The problem asks us to minimize the largest distance between any two consecutive gas stations by adding up to K new stations. The naive approach would be to try all possible placements of the new stations, but this quickly becomes infeasible as the number of possibilities grows exponentially.

Instead, we can reframe the problem: for a given candidate value D (maximum allowed distance), can we place the K stations such that all gaps are at most D? If we can, maybe we can do even better. If not, we need to allow a larger D.

This leads us to an optimization mindset: use binary search on D, the maximum allowed distance, and at each step check if the current D is feasible.

Solution Approach

  • Step 1: Calculate Gaps
    First, compute the distances between each pair of existing consecutive stations. These are the "gaps" we want to minimize.
  • Step 2: Binary Search on the Answer
    The answer (the minimized maximum distance) must be between 0 and the largest initial gap. We use binary search to find the smallest value D such that it's possible to insert at most K stations so that no gap exceeds D.
  • Step 3: Feasibility Check
    For each candidate D, iterate over the gaps. For a gap of length g, you need at least floor(g / D) stations to ensure no segment is longer than D. Sum these up for all gaps. If the total is less than or equal to K, D is feasible.
  • Step 4: Binary Search Loop
    Repeat the binary search until the difference between left and right is less than a tiny epsilon (e.g., 1e-6) to achieve the required precision.
  • Step 5: Return the Result
    The final value of left (or right) is the minimal possible maximum distance.

This approach is efficient because at each step, instead of exploring every placement, we only check if a given maximum gap is achievable, which is fast to compute.

Example Walkthrough

Let's walk through the example where stations = [1, 4, 10] and K = 2:

  1. The initial gaps are 3 (from 1 to 4) and 6 (from 4 to 10).
  2. We binary search for the minimal D. Let's try D = 3:
    • Gap 3: needs floor(3/3) = 1 new station
    • Gap 6: needs floor(6/3) = 2 new stations
    • Total needed: 1 + 2 = 3 (too many, since K=2)
  3. Increase D. Try D = 4:
    • Gap 3: needs floor(3/4) = 0 new stations
    • Gap 6: needs floor(6/4) = 1 new station
    • Total needed: 0 + 1 = 1 (can do with 2 stations, so try smaller D)
  4. Now try D = 3.5:
    • Gap 3: needs 0
    • Gap 6: needs floor(6/3.5) = 1
    • Total needed: 1 (still okay)
  5. Continue binary search between 3 and 3.5, narrowing down until the smallest feasible D is found.

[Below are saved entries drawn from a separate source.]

lemma densely_maximal_if_diagonalization_filter_density_filter:
  assumes D: "diagonalization_filter I (density_filter I)"
  shows "densely_maximal I"
  unfolding densely_maximal_def
proof (intro allI impI ballI, rule ccontr)
  fix X h assume h: "h \<in> FF I"
  assume "\<not> (\<exists>h'\<in>FF I. h \<subseteq>\<^sub>m h' \<and> (finite (Ih h' - X) \<or> finite (Ih h' \<inter> X)))"
  then have bad: "infinite (Ih h' - X) \<and> infinite (Ih h' \<inter> X)" if "h' \<in> FF I" "h \<subseteq>\<^sub>m h'" for h'
    using that by blast
  define Y where "Y = X \<union> (UNIV - Ih h)"
  have "Y \<in> density_filter I"
  proof (rule diagonalization_filter_absorbs[OF D])
    fix Z g assume Z: "Z \<in> density_filter I" and g: "g \<in> FF I"
    show "infinite (Z \<inter> Y \<inter> Ih g)"
    proof (cases "Ih g \<inter> Ih h = {}")
      case True
      then have "Z \<inter> Ih g \<subseteq> Z \<inter> Y \<inter> Ih g"
        unfolding Y_def by auto
      moreover have "infinite (Z \<inter> Ih g)"
        using D Z g unfolding diagonalization_filter_def meets_all_Ih_def by blast
      ultimately show ?thesis
        using finite_subset by blast
    next
      case False
      then obtain x where "x \<in> Ih g" "x \<in> Ih h" by blast
      then have gk: "g \<subseteq>\<^sub>m g ++ h"
        using map_le_map_add_if_Ih_meet g h by blast
      obtain k where k: "k \<in> FF I" "g ++ h \<subseteq>\<^sub>m k" "finite (Ih k - Z)"
        using Z map_add_in_FF[OF g h] by (blast dest: density_filterD)
      have "h \<subseteq>\<^sub>m k"
        using map_le_map_add k(2) map_le_trans by blast
      then have "infinite (Ih k \<inter> X)"
        using bad k(1) by blast
      moreover have "Ih k \<inter> X \<subseteq> (Z \<inter> Y \<inter> Ih g) \<union> (Ih k - Z)"
        using Ih_antimono[OF map_le_trans[OF gk k(2)]] unfolding Y_def by auto
      ultimately show ?thesis
        using k(3) by (meson finite_UnI finite_subset)
    qed
  qed
  then obtain h' where h': "h' \<in> FF I" "h \<subseteq>\<^sub>m h'" "finite (Ih h' - Y)"
    using h by (blast dest: density_filterD)
  have "Ih h' - Y = Ih h' - X"
    using Ih_antimono[OF h'(2)] unfolding Y_def by auto
  then show False
    using bad[OF h'(1,2)] h'(3) by simp
qed
lemma pattern_omitted_if_bounded_variation:
  fixes X :: "'a set" and f :: "nat \<Rightarrow> 'a \<Rightarrow> real"
  assumes "\<exists>M::nat. \<forall>x \<in> X. summable (\<lambda>n. \<bar>f (Suc n) x - f (Suc (Suc n)) x\<bar>) \<and>
      (\<Sum>n. \<bar>f (Suc n) x - f (Suc (Suc n)) x\<bar>) \<le> real M"
  shows "\<exists>(N::nat) E. E \<subseteq> {1..N} \<and>
      (\<forall>i :: nat \<Rightarrow> nat. (1 \<le> i 1 \<and> strict_mono_on {1..N} i) \<longrightarrow>
        {x \<in> X. (\<forall>j \<in> E. f (i j) x = 1) \<and> (\<forall>j \<in> {1..N} - E. f (i j) x = 0)} = {})"
proof -
  obtain M where var: "\<forall>x \<in> X. summable (\<lambda>n. \<bar>f (Suc n) x - f (Suc (Suc n)) x\<bar>) \<and>
      (\<Sum>n. \<bar>f (Suc n) x - f (Suc (Suc n)) x\<bar>) \<le> real M"
    using assms by blast
  have "x \<notin> X" if "1 \<le> i 1" and i: "strict_mono_on {1..M+2} i"
    and odd: "\<forall>j \<in> {j \<in> {1..M+2}. odd j}. f (i j) x = 1"
    and even: "\<forall>j \<in> {1..M+2} - {j \<in> {1..M+2}. odd j}. f (i j) x = 0" for i x
  proof
    assume x: "x \<in> X"
    have switch: "\<bar>f (i j) x - f (i (Suc j)) x\<bar> = 1" if "j \<in> {1..M+1}" for j
    proof (cases "odd j")
      case True
      with that odd even show ?thesis by simp
    next
      case False
      with that odd even show ?thesis by simp
    qed
    have "real (M + 1) = (\<Sum>j=1..M+1. 1)"
      by simp
    also have "\<dots> = (\<Sum>j=1..M+1. \<bar>f (i j) x - f (i (Suc j)) x\<bar>)"
      by (rule sum.cong) (simp_all add: switch)
    also have "\<dots> \<le> variation (\<lambda>n. f n x) (i 1) (i (Suc (M + 1)))"
      using strict_mono_on_imp_mono_on[OF i] by (intro variation_subsequence_le) simp
    also have "\<dots> \<le> (\<Sum>n. \<bar>f (Suc n) x - f (Suc (Suc n)) x\<bar>)"
      using var x \<open>1 \<le> i 1\<close> by (intro variation_le_suminf_Suc) auto
    also have "\<dots> \<le> real M"
      using var x by blast
    finally show False
      by simp
  qed
  then show ?thesis
    by (intro exI[of _ "M + 2"] exI[of _ "{j \<in> {1..M + 2}. odd j}"]) blast
qed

The process continues until the answer converges to the minimal maximum distance possible, given the allowed number of new stations.

Time and Space Complexity

  • Brute-force Approach: Trying all possible placements of K stations has exponential time complexity, which is infeasible for large inputs.
  • Optimized (Binary Search) Approach:
    • Each binary search iteration takes O(N), where N is the number of gaps (stations.length - 1), since we check each gap.
    • The number of binary search iterations depends on the required precision (let's say P). Usually, it's about log2(range/precision).
    • Total time complexity: O(N * log(R/ε)), where R is the range of possible distances and ε is the precision.
    • Space complexity: O(N) for storing the gaps.

Summary

This problem is a classic example of using binary search on the answer to efficiently optimize a value under constraints. By reframing the task as a feasibility check for a given maximum gap, we avoid brute-force placement of stations and instead iteratively hone in on the minimal possible value. The approach is both elegant and efficient, leveraging the properties of monotonicity and the power of binary search.